As obras de misericórdia de Mateus 25 eram em número de seis. Ora, eis que nas representações das confrarias do fim da Idade Média, são acrescentadas de uma nova unidade, e esta devia tocar no coração dos homens para que fosse assim acrescentada ao texto sagrado: mortuus sepellitur. Enterrar os mortos está colocado ao mesmo nível de caridade que alimentar os esfomeados, alojar os peregrinos, vestir aqueles que estão nus, visitar os doentes e os prisioneiros. O Evangelho é todavia muito discreto a respeito dos ritos funerários. Quando Jesus encontra cortejos de carpideiros que trazem os mortos para fora da aldeia ao som das flautas, nada diz. Deixou mesmo cair esta frase enigmática que se poderia interpretar como uma condenação das pompas fúnebres: «Deixai os mortos enterrar os mortos.» Tudo se passa como se a segunda Idade Média tivesse reintegrado o serviço dos mortos num Evangelho cujo silêncio a este respeito suportava mal.

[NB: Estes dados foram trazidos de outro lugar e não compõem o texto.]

lemma act_eval_vertex_sum:
  assumes valid: "valid_state s r g q" and reg: "regular s u"
  shows "act_eval s r g (fminus (mono [V u]) (\<lambda>w. \<Sum>e | s e = u. mono [Ed e, Gh e] w)) q h = 0"
proof -
  obtain v es where q: "q = (v, es)" by (cases q)
  define c where "c = (case es of [] \<Rightarrow> g v | e' # _ \<Rightarrow> e')"
  define P where "P \<longleftrightarrow> (es = [] \<longrightarrow> regular s v)"
  have fin: "finite {e. s e = u}"
    using reg by (simp add: regular_def)
  have c_src: "P \<Longrightarrow> s c = v"
    using valid by (cases es) (auto simp: q c_def P_def valid_state_def src_special_edge)
  have "(\<Sum>e | s e = u. case_option 0 h (word_act s r g [Ed e, Gh e] q)) =
      (\<Sum>e | s e = u. if P then (if e = c then h q else 0) else 0)"
    using word_act_edge_ghost[of v es] valid unfolding q c_def P_def
    by (intro sum.cong refl) (simp del: word_act.simps)
  also have "\<dots> = (if P \<and> s c = u then h q else 0)"
    using fin by (cases P) (simp_all add: sum.delta)
  also have "\<dots> = (if v = u then h q else 0)"
    using c_src reg by (auto simp: P_def)
  finally show ?thesis
    using fin by (simp add: act_eval_word_simps act_eval_sum finite_support_sum q)
qed

lemma act_eval_lpa_rel:
  assumes "x \<in> lpa_rels s r" and valid: "valid_state s r g q"
  shows "act_eval s r g x q h = 0"
proof -
  obtain v es where q: "q = (v, es)" by (cases q)
  show ?thesis
    using assms(1) unfolding lpa_rels_def
  proof (elim UnE CollectE exE conjE)
    fix u u' assume "x = fminus (mono [V u, V u']) (if u = u' then mono [V u] else fzero)"
    then show ?thesis by (simp add: q act_eval_word_simps)
  next
    fix e assume "x = fminus (mono [V (s e), Ed e]) (mono [Ed e])"
    then show ?thesis by (simp add: q act_eval_word_simps)
  next
    fix e assume "x = fminus (mono [Ed e, V (r e)]) (mono [Ed e])"
    then show ?thesis by (simp add: q act_eval_word_simps)
  next
    fix e assume "x = fminus (mono [V (r e), Gh e]) (mono [Gh e])"
    then show ?thesis by (cases es) (simp_all add: q act_eval_word_simps)
  next
    fix e assume "x = fminus (mono [Gh e, V (s e)]) (mono [Gh e])"
    then show ?thesis
      using valid src_special_edge[of v]
      by (cases es) (simp_all add: q act_eval_word_simps valid_state_def)
  next
    fix e f assume "x = fminus (mono [Gh e, Ed f]) (if e = f then mono [V (r e)] else fzero)"
    then show ?thesis
      by (cases "e = f") (simp_all add: q act_eval_word_simps)
  next
    fix u assume "x = fminus (mono [V u]) (\<lambda>w. \<Sum>e | s e = u. mono [Ed e, Gh e] w)" "regular s u"
    then show ?thesis using act_eval_vertex_sum[OF valid] by simp
  qed
qed

lemma act_eval_lpa_ideal:
  assumes "x \<in> lpa_ideal s r"
  shows "finite_support x \<and> (\<forall>q h. valid_state s r g q \<longrightarrow> act_eval s r g x q h = 0)"
  using assms unfolding lpa_ideal_def ideal_gen_eq_lspan_ctx
proof (induction x rule: lspan.induct)
  case lspan_zero
  then show ?case by (simp add: finite_support_fzero act_eval_fzero)
next
  case (lspan_base x)
  then obtain u y w where x: "x = ctx u y w" and y: "y \<in> lpa_rels s r" by blast
  have "act_eval s r g x q h = 0" if "valid_state s r g q" for q h
    using act_eval_lpa_rel[OF y valid_word_act[OF that]] unfolding x act_eval_ctx
    by (cases "word_act s r g w q") simp_all
  then show ?case using finite_support_ctx[OF finite_support_lpa_rel[OF y]] x by blast
next
  case (lspan_add x y)
  then show ?case by (simp add: act_eval_fadd finite_support_fadd)
next
  case (lspan_smult x c)
  then show ?case by (simp add: act_eval_fsmult finite_support_fsmult)
qed

lemma notin_lpa_ideal_if_act_eval_nonzero:
  "valid_state s r g q \<Longrightarrow> act_eval s r g x q h \<noteq> 0 \<Longrightarrow> x \<notin> lpa_ideal s r"
  using act_eval_lpa_ideal by blast

end

lemma special_edges_some: "special_edges s (\<lambda>u. SOME e. s e = u)"
  by unfold_locales (auto simp: regular_def intro: someI_ex)

lemma word_act_Cons_fst:
  assumes "word_act s r g (a # m) q = Some q'"
  shows "fst q' = left_vertex s r a"
proof -
  obtain q'' v es where
    "word_act s r g m q = Some q''" "q'' = (v, es)" "gen_act s r g a (v, es) = Some q'"
    using assms by (cases "word_act s r g m q") auto
  then show ?thesis by (cases a; cases es) (auto split: if_splits)
qed

lemma word_act_walk:
  assumes "walk_to s r \<alpha> v"
  shows "\<exists>q'. word_act s r g (map Ed \<alpha>) (v, es) = Some q' \<and> fst q' = walk_start s v \<alpha>"
  using assms
proof (induction \<alpha>)
  case (Cons e \<alpha>)
  then obtain q' where "word_act s r g (map Ed \<alpha>) (v, es) = Some q'" "fst q' = r e" by auto
  then show ?case by (cases q') auto
qed simp

section \<open>The configurations of the theorem\<close>

lemma not_skew_lie_solvable_vertex_and_walks:
  assumes walks: "walk_to s r \<alpha> v" "walk_to s r \<beta> v"
    and diverging: "diverging s v [] \<alpha>" "diverging s v [] \<beta>" "diverging s v \<alpha> \<beta>"
  shows "\<not> skew_lie_solvable s r TYPE('k::field)"
proof -
  let ?P = "path_word v ` {[], \<alpha>, \<beta>}"
  have units: "lpa_matrix_units s r TYPE('k) v ?P"
    by (rule lpa_matrix_units_path_words) (use walks diverging in \<open>auto intro: diverging_sym\<close>)
  have distinct: "[] \<noteq> \<alpha>" "[] \<noteq> \<beta>" "\<alpha> \<noteq> \<beta>"
    using diverging not_diverging_self by metis+
  then have card: "3 \<le> card ?P"
    by (subst card_image[OF inj_on_subset[OF inj_path_word]]) auto
  have start: "s (hd \<alpha>) \<noteq> v"
    using diverging(1) distinct(1) by (cases \<alpha>) (auto simp: diverging_def)
  interpret special_edges s r "\<lambda>u. SOME e. s e = u"
    by (rule special_edges_some)
  \<comment> \<open>The two summands of the skew unit send the empty path at v to paths starting at
    s (hd \<alpha>) and at v respectively, so looking at the start vertex separates them.\<close>
  let ?g = "\<lambda>u. SOME e. s e = u" and ?h = "\<lambda>q. if fst q = s (hd \<alpha>) then 1 else 0 :: 'k"
  let ?H = "\<lambda>m. case_option 0 ?h (word_act s r ?g m (v, []))"
  obtain q where q: "word_act s r ?g (map Ed \<alpha>) (v, []) = Some q" "fst q = s (hd \<alpha>)"
    using word_act_walk[OF walks(1)] distinct(1) by (cases \<alpha>) fastforce+
  have "?H (map Ed \<alpha> @ [V v]) = 1"
    using q by (simp add: word_act_append)
  moreover have "?H (V v # map Gh (rev \<alpha>)) = 0"
    using start word_act_Cons_fst[of s r ?g "V v" "map Gh (rev \<alpha>)" "(v, [])"]
    by (cases "word_act s r ?g (V v # map Gh (rev \<alpha>)) (v, [])") auto
  ultimately have "act_eval s r ?g (skew_unit (path_word v \<alpha>) (path_word v [])) (v, []) ?h \<noteq> 0"
    using distinct(1)
    by (simp add: skew_unit_def path_word_def act_eval_word_simps del: word_act.simps)
  then have "(skew_unit (path_word v \<alpha>) (path_word v []) :: _ \<Rightarrow> 'k) \<notin> lpa_ideal s r"
    by (rule notin_lpa_ideal_if_act_eval_nonzero[rotated]) (simp add: valid_state_def ends_special_def)
  then show ?thesis
    using distinct inj_path_word[THEN injD, of v]
    by (intro not_skew_lie_solvable_if_skew_unit_notin_ideal[OF units card]) auto
qed

lemma not_skew_lie_solvable_two_loops:
  assumes ef: "e \<noteq> f" and loops: "s e = w" "r e = w" "s f = w" "r f = w"
  shows "\<not> skew_lie_solvable s r TYPE('k::field)"
proof -
  let ?P = "path_word w ` {[f], [e, f], [e, e, f]}"
  have units: "lpa_matrix_units s r TYPE('k) w ?P"
  proof (rule lpa_matrix_units_path_words)
    fix \<alpha> \<beta> assume "\<alpha> \<in> {[f], [e, f], [e, e, f]}" "\<beta> \<in> {[f], [e, f], [e, e, f]}" "\<alpha> \<noteq> \<beta>"
    then show "diverging s w \<alpha> \<beta>"
      unfolding diverging_def using ef
      by (elim insertE emptyE; simp) (metis append_Nil append_Cons)+
  qed (use loops in auto)
  have card: "3 \<le> card ?P"
    using ef by (subst card_image[OF inj_on_subset[OF inj_path_word]]) auto
  \<comment> \<open>Making e distinguished at w keeps the state (w, [e, f]) collapse-free.\<close>
  define g where "g u = (if u = w then e else SOME e. s e = u)" for u
  interpret special_edges s r g
    by unfold_locales (auto simp: g_def loops regular_def intro: someI_ex)
  let ?h = "\<lambda>q. if q = (w, [f]) then 1 else 0 :: 'k"
  have valid: "valid_state s r g (w, [e, f])"
    using ef loops by (simp add: valid_state_def ends_special_def g_def)
  have "act_eval s r g (skew_unit (path_word w [f]) (path_word w [e, f])) (w, [e, f]) ?h \<noteq> 0"
    using ef loops by (simp add: skew_unit_def path_word_def act_eval_word_simps g_def)
  then have "(skew_unit (path_word w [f]) (path_word w [e, f]) :: _ \<Rightarrow> 'k) \<notin> lpa_ideal s r"
    by (rule notin_lpa_ideal_if_act_eval_nonzero[OF valid])
  then show ?thesis
    using ef inj_path_word[THEN injD, of w]
    by (intro not_skew_lie_solvable_if_skew_unit_notin_ideal[OF units card]) auto
qed

lemma not_skew_lie_solvable_path_of_length_two:
  assumes "s e = x" "r e = y" "s f = y" "r f = v" "distinct [x, y, v]"
  shows "\<not> skew_lie_solvable s r TYPE('k::field)"
  by (rule not_skew_lie_solvable_vertex_and_walks[of s r "[e, f]" v "[f]"])
    (use assms in \<open>auto simp: diverging_def\<close>)

lemma diverging_Cons: "a \<noteq> b \<Longrightarrow> diverging s v (a # \<alpha>) (b # \<beta>)"
  unfolding diverging_def by (metis append_Nil)

lemma not_skew_lie_solvable_two_edges_into:
  assumes "e \<noteq> f" "r e = v" "r f = v" "s e \<noteq> v" "s f \<noteq> v"
  shows "\<not> skew_lie_solvable s r TYPE('k::field)"
proof (rule not_skew_lie_solvable_vertex_and_walks[of s r "[e]" v "[f]"])
  show "diverging s v [e] [f]"
    using assms(1) by (rule diverging_Cons)
qed (use assms in \<open>auto simp: diverging_def\<close>)

lemma not_skew_lie_solvable_loop_with_exit:
  assumes "e \<noteq> f" "s e = w" "r e = w" "s f = w"
  shows "\<not> skew_lie_solvable s r TYPE('k::field)"
proof (cases "r f = w")
  case True
  then show ?thesis using not_skew_lie_solvable_two_loops assms by metis
next
  case False
  have "diverging s (r f) [f] [e, f]"
    using assms(1) by (intro diverging_Cons) simp
  with False show ?thesis
    by (intro not_skew_lie_solvable_vertex_and_walks[of s r "[f]" "r f" "[e, f]"])
      (use assms in \<open>auto simp: diverging_def\<close>)
qed

lemma not_skew_lie_solvable_two_cycle_with_exit:
  assumes "s a \<noteq> s b" "r a = s b" "r b = s a" "s f = s a" "f \<noteq> a"
  shows "\<not> skew_lie_solvable s r TYPE('k::field)"
proof -
  consider "r f = s a" | "r f = s b" | "r f \<noteq> s a" "r f \<noteq> s b" by blast
  then show ?thesis
  proof cases
    case 1
    then show ?thesis
      using assms
      by (intro not_skew_lie_solvable_loop_with_exit[where e=f and f=a and w="s a"]) auto
  next
    case 2
    then show ?thesis
      using assms
      by (intro not_skew_lie_solvable_two_edges_into[where e=a and f=f and v="s b"]) auto
  next
    case 3
    then show ?thesis
      using assms
      by (intro not_skew_lie_solvable_path_of_length_two[where e=b and f=f and v="r f"]) auto
  qed
qed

O mortuus sepellitur está ainda ausente da lista das obras de misericórdia no Speculum Ecclesiae de Honorius d’Autant1. É mencionado no Rationale divinorum officiorum do liturgista e teólogo Jean Belleth. O seu aparecimento na iconografia é contemporâneo das confrarias: encontramo-lo no século XIV nos baixos-relevos de Giotto do Campanile de Florença. A partir do século XV, a sua representação tornou-se banal.

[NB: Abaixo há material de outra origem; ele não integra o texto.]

lemma E_mor_Idm: "E_mor (Idm IFX_quot X) = Idm TF (E_obj X)"
  unfolding E_obj_def E_mor_def IFX_quot_def cat.simps mor.value_some_class
  by (rule eval_mor_IFX_id)

(* If (m, f, g, y) represents A and the representative of B carries the arrow k, then
   (m, g f, k, y) has the required domain and evaluates like the representative of B. *)
lemma composable_representative:
  assumes A: "A \<in> Mor IFX_quot" and B: "B \<in> Mor IFX_quot" and AB: "Cod IFX_quot A = Dom IFX_quot B"
  shows "\<exists>b \<in> B. IFX_dom b = IFX_cod (SOME a. a \<in> A)"
proof -
  obtain m f g y where a: "(SOME a. a \<in> A) = (m, f, g, y)" and "(m, f, g, y) \<in> IFX_mor"
    using some_in_Mor_IFX_quot[OF A] by (metis IntD2 prod_cases4)
  then have f: "f \<in> dhom m (length f)" and g: "g \<in> dhom (length f) (length g)" and y: "y \<in> Xpow m"
    by (auto simp: IFX_mor_def)
  obtain m' f' k y' where b': "(SOME b. b \<in> B) = (m', f', k, y')" and "(m', f', k, y') \<in> IFX_mor"
    using some_in_Mor_IFX_quot[OF B] by (metis IntD2 prod_cases4)
  then have k: "k \<in> dhom (length f') (length k)"
    by (auto simp: IFX_mor_def)
  have "Cod TF (E_mor A) = Dom TF (E_mor B)"
    using AB E_obj_Cod[OF A] E_obj_Dom by metis
  then have HF_eq: "HF g (HF f y) = HF f' y'"
    by (simp add: E_mor_def a b' eval_mor_def TF_def)
  define b where "b = (m, dh_comp g f, k, y)"
  have "length g = length f'"
    using arg_cong[OF HF_eq, of length] by simp
  then have "b \<in> IFX_mor"
    using dh_comp_dhom[OF f g] k y by (simp add: b_def IFX_mor_def dh_comp_eq_HF)
  moreover have "eval_mor b = eval_mor (SOME b. b \<in> B)"
    using eval_obj_IFX_cod[OF \<open>(m, f, g, y) \<in> IFX_mor\<close>]
    by (simp add: b_def b' eval_mor_def eval_obj_def IFX_cod_def TF_def HF_eq)
  ultimately have related: "(SOME b. b \<in> B, b) \<in> mor_rel"
    using some_in_Mor_IFX_quot[OF B] by (auto intro: mor.related_if_same_value)
  have "b \<in> B"
    using mor.in_quotient_UNIV[OF B[unfolded Mor_IFX_quot]] IntD1[OF some_in_Mor_IFX_quot[OF B]]
    by (rule in_quotient_imp_closed[OF mor.equiv _ _ related])
  moreover have "IFX_dom b = IFX_cod (SOME a. a \<in> A)"
    by (simp add: a b_def IFX_dom_def IFX_cod_def)
  ultimately show ?thesis
    by blast
qed

lemma E_mor_Comp:
  assumes A: "A \<in> Mor IFX_quot" and B: "B \<in> Mor IFX_quot" and AB: "Cod IFX_quot A = Dom IFX_quot B"
  shows "E_mor (Comp IFX_quot B A) = Comp TF (E_mor B) (E_mor A)"
proof -
  define a where "a = (SOME a. a \<in> A)"
  define b where "b = (SOME b. b \<in> B \<and> IFX_dom b = IFX_cod a)"
  have "\<exists>b. b \<in> B \<and> IFX_dom b = IFX_cod a"
    using composable_representative[OF assms] unfolding a_def by blast
  then have "b \<in> B \<and> IFX_dom b = IFX_cod a"
    unfolding b_def by (rule someI_ex)
  then have EB: "E_mor B = eval_mor b"
    unfolding E_mor_def using mor.value_some_in_quotient[OF B[unfolded Mor_IFX_quot]] by blast
  have "Comp IFX_quot B A = mor_rel `` {IFX_comp b a}"
    by (simp add: IFX_quot_def a_def b_def Let_def)
  then have "E_mor (Comp IFX_quot B A) = eval_mor (IFX_comp b a)"
    unfolding E_mor_def by (simp only: mor.value_some_class)
  also have "\<dots> = Comp TF (E_mor B) (E_mor A)"
    unfolding eval_mor_IFX_comp EB by (simp add: E_mor_def a_def)
  finally show ?thesis .
qed

theorem lemma3p7:
  shows "(\<forall>(a, b) \<in> obj_rel. eval_obj a = eval_obj b)
       \<and> (\<forall>(a, b) \<in> mor_rel. eval_mor a = eval_mor b)
       \<and> cat_iso IFX_quot TF E_obj E_mor"
proof (intro conjI)
  show "\<forall>(a, b) \<in> obj_rel. eval_obj a = eval_obj b"
    using obj.invariant by blast
  show "\<forall>(a, b) \<in> mor_rel. eval_mor a = eval_mor b"
    using mor.invariant by blast
  show "cat_iso IFX_quot TF E_obj E_mor"
    unfolding cat_iso_def
    by (simp add: E_obj_bij E_mor_bij E_obj_Dom E_obj_Cod E_mor_Idm E_mor_Comp)
qed

end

É que, entre todas as obras de misericórdia, o serviço dos mortos tornou-se o objectivo final das confrarias. Os seus santos protectores são muitas vezes escolhidos entre os santos profilácticos, protectores contra a peste e as epidemias: S. Sebastião, S. Roque, S. Gond.
1 Mateus, 25, 34-37; L. Réau, An. chrétien, Paris, PUF, 1955-1959, t. ii, vol. 2, pp. 759-760.